Mr. Speaker it may be distasteful with the provision of Article 13(2) of the 1992 Constitution which provides that: A person shall not be held to have deprived another person of his life in contravention of clause (1) of this article if that other person dies as the result of a lawful act of war or if that other person dies as a result of the use of force to such an extent as is reasonably justifiable in the particular circumstances of the following:

  • For the defence of any person from violence or the defence of property. (b). in order to effect a lawful arrest or to prevent the escape of a person lawfully detained. (c). or for the purpose of suppressing a riot, insurrection or mutiny. (d). Or in order to prevent the commission of a crime by that person. Normally it is legal depending on the ‘Heat of the moment' like being overwhelmed by what is happening at the moment also like an act which is out of anger at a material moment, like striking someone caught having an affair with the wife or her husband of the striker.

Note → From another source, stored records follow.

lemma strongly_convex_minimizer_growth:
  fixes F :: "'a::real_inner \<Rightarrow> real"
  assumes sc: "strongly_convex u F" and u: "u > 0" and cv: "convex C"
    and aC: "a \<in> C" and amin: "\<forall>y\<in>C. F a \<le> F y" and yC: "y \<in> C"
  shows "F a + u / 2 * (norm (y - a))\<^sup>2 \<le> F y"
proof -
  define d where "d = (norm (y - a))\<^sup>2"
  have along_segment: "F a \<le> F y - u / 2 * (1 - t) * d" if t: "0 < t" "t \<le> 1" for t
  proof -
    have "t *\<^sub>R y + (1 - t) *\<^sub>R a \<in> C"
      using convexD[OF cv yC aC, of t "1 - t"] t by simp
    then have "F a \<le> F (t *\<^sub>R y + (1 - t) *\<^sub>R a)" using amin by blast
    also have "\<dots> \<le> t * F y + (1 - t) * F a - u / 2 * t * (1 - t) * d"
      using sc t unfolding strongly_convex_def d_def by simp
    finally have "t * F a \<le> t * (F y - u / 2 * (1 - t) * d)" by (simp add: algebra_simps)
    then show ?thesis using t by simp
  qed
  \<comment> \<open>Let \<open>t \<rightarrow> 0\<close> in the segment inequality.\<close>
  have "F a \<le> F y - u / 2 * d"
  proof (rule field_le_epsilon)
    fix e :: real assume "e > 0"
    have ud: "0 \<le> u * d" using u by (simp add: d_def)
    define t where "t = min 1 (e / (u * d + 1))"
    have t: "0 < t" "t \<le> 1" using \<open>e > 0\<close> ud by (auto simp: t_def)
    have "t * (u * d) \<le> t * (u * d + 1)" using t by simp
    also have "\<dots> \<le> e" using ud by (simp add: t_def pos_le_divide_eq[symmetric])
    finally have "t * (u * d) \<le> e" .
    moreover have "u / 2 * (1 - t) * d = u / 2 * d - t * (u * d) / 2"
      by (simp add: field_simps)
    ultimately show "F a \<le> F y - u / 2 * d + e"
      using along_segment[OF t] \<open>e > 0\<close> by linarith
  qed
  then show ?thesis by (simp add: d_def)
qed

lemma argminC_strongly_convex:
  fixes F :: "'a::real_inner \<Rightarrow> real"
  assumes sc: "strongly_convex u F" and u: "u > 0" and ct: "continuous_on C F"
    and cp: "compact C" and cv: "convex C" and ne: "C \<noteq> {}"
  shows "argminC C F \<in> C"
    and "\<And>y. y \<in> C \<Longrightarrow> F (argminC C F) + u / 2 * (norm (y - argminC C F))\<^sup>2 \<le> F y"
proof -
  obtain a where aC: "a \<in> C" and amin: "\<forall>y\<in>C. F a \<le> F y"
    using continuous_attains_inf[OF cp ne ct] by blast
  note growth = strongly_convex_minimizer_growth[OF sc u cv aC amin]
  have "argminC C F = a" unfolding argminC_def
  proof (rule the_equality)
    fix b assume b: "b \<in> C \<and> (\<forall>y\<in>C. F b \<le> F y)"
    then have "u / 2 * (norm (b - a))\<^sup>2 \<le> 0" using growth[of b] aC by force
    then show "b = a" using u by (simp add: mult_le_0_iff)
  qed (use aC amin in blast)
  then show "argminC C F \<in> C" "\<And>y. y \<in> C \<Longrightarrow> F (argminC C F) + u / 2 * (norm (y - argminC C F))\<^sup>2 \<le> F y"
    using aC growth by simp_all
qed

lemma argminC_tilt_lipschitz:
  fixes F :: "'a::real_inner \<Rightarrow> real"
  assumes sc: "strongly_convex u F" and u: "u > 0" and ct: "continuous_on C F"
    and cp: "compact C" and cv: "convex C" and ne: "C \<noteq> {}"
  shows "norm (argminC C (\<lambda>\<theta>. l \<bullet> \<theta> + F \<theta>) - argminC C (\<lambda>\<theta>. l' \<bullet> \<theta> + F \<theta>))
           \<le> norm (l - l') / u"
proof -
  define a b where "a = argminC C (\<lambda>\<theta>. l \<bullet> \<theta> + F \<theta>)" and "b = argminC C (\<lambda>\<theta>. l' \<bullet> \<theta> + F \<theta>)"
  note tilt = argminC_strongly_convex[OF strongly_convex_add_inner[OF sc] u _ cp cv ne]
  have ct': "continuous_on C (\<lambda>\<theta>. k \<bullet> \<theta> + F \<theta>)" for k
    using ct by (intro continuous_intros)
  have ab: "a \<in> C" "b \<in> C" using tilt(1)[OF ct'] unfolding a_def b_def by blast+
  have "l \<bullet> a + F a + u / 2 * (norm (b - a))\<^sup>2 \<le> l \<bullet> b + F b"
    using tilt(2)[OF ct' ab(2)] unfolding a_def by blast
  moreover have "l' \<bullet> b + F b + u / 2 * (norm (a - b))\<^sup>2 \<le> l' \<bullet> a + F a"
    using tilt(2)[OF ct' ab(1)] unfolding b_def by blast
  ultimately have "u * (norm (a - b))\<^sup>2 \<le> (l - l') \<bullet> (b - a)"
    by (simp add: norm_minus_commute[of b a] inner_diff algebra_simps)
  also have "\<dots> \<le> norm (l - l') * norm (a - b)"
    using norm_cauchy_schwarz[of "l - l'" "b - a"] by (simp add: norm_minus_commute)
  finally have "u * norm (a - b) \<le> norm (l - l')"
    by (cases "a = b") (simp_all add: power2_eq_square)
  then show ?thesis
    unfolding a_def b_def using u by (simp add: field_simps)
qed

lemma argminC_dev_le_het_Sup:
  fixes s :: "'a::real_inner"
  assumes i: "i \<in> {1..H}" and bdd: "bdd_above (het_set H s C f)"
  shows "(norm (argminC (C i) (\<lambda>\<theta>. l \<bullet> \<theta> + f i \<theta>)
             - (1 / real H) *\<^sub>R (\<Sum>j=1..H. argminC (C j) (\<lambda>\<theta>. l \<bullet> \<theta> + f j \<theta>))))\<^sup>2
           \<le> (real H)\<^sup>2 * Sup (het_set H s C f)"
proof -
  define P where "P j = argminC (C j) (\<lambda>\<theta>. l \<bullet> \<theta> + f j \<theta>)" for j
  define m where "m = (1 / real H) *\<^sub>R (\<Sum>j=1..H. P j)"
  have H: "real H > 0" using i by simp
  have sum_grad: "(\<Sum>j=1..H. grad_g H s C f j l) = s - m"
    using H by (simp add: grad_g_def P_def m_def sum_subtractf sum_constant_scaleR scaleR_sum_right[symmetric])
  have "grad_g H s C f i l - (1 / real H) *\<^sub>R (\<Sum>j=1..H. grad_g H s C f j l)
      = (1 / real H) *\<^sub>R (m - P i)"
    unfolding sum_grad by (simp add: grad_g_def P_def algebra_simps)
  moreover have "(norm (grad_g H s C f i l - (1 / real H) *\<^sub>R (\<Sum>j=1..H. grad_g H s C f j l)))\<^sup>2
      \<in> het_set H s C f"
    unfolding het_set_def using i by blast
  ultimately have "(norm ((1 / real H) *\<^sub>R (m - P i)))\<^sup>2 \<le> Sup (het_set H s C f)"
    using bdd by (metis cSup_upper)
  then have "(norm (P i - m))\<^sup>2 / (real H)\<^sup>2 \<le> Sup (het_set H s C f)"
    by (simp add: norm_minus_commute power_divide)
  then show ?thesis
    unfolding P_def m_def using H by (simp add: field_simps)
qed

  • Hence, the use of force must be legally reasonable and actually necessary to avoid an excessive force complaint. Based on that, the Supreme Court of USA in 1989, gave a landmark ruling that force must be judged based on its objective reasonableness. In the determination of the "objective reasonableness" of force, the court set out a series of three factors: "the severity of the crime", "whether there is an immediate threat to the safety of officers or others", and "Whether the suspect is actively resisting arrest or evading etc.

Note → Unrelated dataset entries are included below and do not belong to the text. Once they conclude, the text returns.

lemma alternating_sum_nonempty_subset_sums:
  fixes W :: "'a set \<Rightarrow> 'b::ring_1"
  assumes "finite S" "S \<noteq> {}"
  shows "(\<Sum>S'\<in>Pow S. (-1) ^ (card S - card S') * (\<Sum>T\<in>Pow S' - {{}}. W T)) = W S"
proof -
  define f where "f T = (if T = {} then 0 else W T)" for T
  have "(\<Sum>T\<in>Pow S' - {{}}. W T) = sum f (Pow S')" if "finite S'" for S'
  proof -
    have "sum f (Pow S') = f {} + sum f (Pow S' - {{}})"
      using that by (intro sum.remove) auto
    also have "sum f (Pow S' - {{}}) = (\<Sum>T\<in>Pow S' - {{}}. W T)"
      by (rule sum.cong) (auto simp: f_def)
    finally show ?thesis
      by (simp add: f_def)
  qed
  then have "f S = (\<Sum>S'\<in>Pow S. (-1) ^ (card S - card S') * (\<Sum>T\<in>Pow S' - {{}}. W T))"
    by (intro inclusion_exclusion_mobius assms(1))
  with assms(2) show ?thesis
    by (simp add: f_def)
qed

section \<open>Moments of the tensor train\<close>

definition core_entry :: "(nat \<Rightarrow> nat \<Rightarrow> nat \<Rightarrow> nat \<Rightarrow> 'a \<Rightarrow> real) \<Rightarrow> nat \<times> nat \<times> nat \<times> nat \<Rightarrow> 'a \<Rightarrow> real"
  where "core_entry \<theta> e = \<theta> (fst e) (fst (snd e)) (fst (snd (snd e))) (snd (snd (snd e)))"

definition path_entry :: "(nat \<Rightarrow> nat) \<Rightarrow> (nat \<Rightarrow> nat) \<Rightarrow> nat \<Rightarrow> nat \<times> nat \<times> nat \<times> nat" where
  "path_entry i k p = (p, k (p - 1), i p, k p)"

lemma tt_eta_eq_sum_path_products:
  "tt_eta m r \<theta> i = (\<lambda>\<omega>. \<Sum>k\<in>bond_tuples m r. \<Prod>p\<in>{1..m}. core_entry \<theta> (path_entry i k p) \<omega>)"
  by (simp add: fun_eq_iff tt_eta_def core_entry_def path_entry_def)

lemma path_entry_in_core_entries:
  assumes i: "i \<in> multi_idx m n" and k: "k \<in> bond_tuples m r" and p: "p \<in> {1..m}"
  shows "path_entry i k p \<in> core_entries m n r"
proof -
  have "i p < (if p \<in> {1..m} then n p else 1)"
    using i unfolding multi_idx_def by blast
  moreover have "k (p - 1) < bond m r (p - 1)" "k p < bond m r p"
    using k unfolding bond_tuples_def by blast+
  ultimately show ?thesis
    using p by (simp add: path_entry_def core_entries_def)
qed

lemma path_entry_eq_iff:
  assumes "p \<in> {1..m}" "agree_on m S i j"
  shows "path_entry i k p = path_entry j k' p \<longleftrightarrow> p \<in> S \<and> agree_at_cores {p} k k'"
  using assms by (auto simp: path_entry_def agree_on_def agree_at_cores_def)

(* Groups a product over the entries used by two paths core by core; an entry used by both is squared. *)
lemma prod_Un_image_pairs:
  fixes e e' :: "'i \<Rightarrow> 'x" and pos :: "'x \<Rightarrow> 'i" and h :: "'x \<Rightarrow> nat \<Rightarrow> 'b::comm_monoid_mult"
  assumes A: "finite A" and pos: "\<And>p. p \<in> A \<Longrightarrow> pos (e p) = p \<and> pos (e' p) = p"
  shows "(\<Prod>x\<in>e ` A \<union> e' ` A. h x (if e (pos x) = e' (pos x) then 2 else 1))
       = (\<Prod>p\<in>A. if e p = e' p then h (e p) 2 else h (e p) 1 * h (e' p) 1)"
proof -
  have "e ` A \<union> e' ` A = (\<Union>p\<in>A. {e p, e' p})"
    by auto
  moreover have "{e p, e' p} \<inter> {e q, e' q} = {}" if "p \<in> A" "q \<in> A" "p \<noteq> q" for p q
    using pos[OF that(1)] pos[OF that(2)] that(3) by auto
  ultimately have "(\<Prod>x\<in>e ` A \<union> e' ` A. h x (if e (pos x) = e' (pos x) then 2 else 1))
      = (\<Prod>p\<in>A. \<Prod>x\<in>{e p, e' p}. h x (if e (pos x) = e' (pos x) then 2 else 1))"
    using A by (simp add: prod.UNION_disjoint)
  also have "\<dots> = (\<Prod>p\<in>A. if e p = e' p then h (e p) 2 else h (e p) 1 * h (e' p) 1)"
    using pos by (intro prod.cong) auto
  finally show ?thesis .
qed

    The Supreme Court of USA, clearly ruled that force is justified only if the officer has probable cause to believe that the suspect or crowd poses a serious risk to the Officer or others that the objective reasonableness of the use of deadly force is based on the situation in which it was used. The reasonableness of a particular use of force is based on the totality of circumstances known by the officer at the time of the use of force and weighs the actions of the officer against the rights of the subject, in light of the circumstances surrounding the event. Hence, it must be judged from the perspective of a reasonable officer on the scene. The calculus of reasonableness must allow for the fact that police officers are often forced to make split-second decisions—in circumstances that are tense, uncertain, and dynamic and rapidly evolving—about the amount of force that is necessary in a particular situation. I wish to add that, it is Reasonable, if given the facts and circumstances observed by the officer on the ground at the time of the event, to effectively bring an incident under control.

    Lastly, the reasonableness inquiry in an excessive-force case is an objective one: whether the officers’ and his squad actions are objectively reasonable in light of the facts and circumstances confronting them, without regard to their underlying intent or motivation.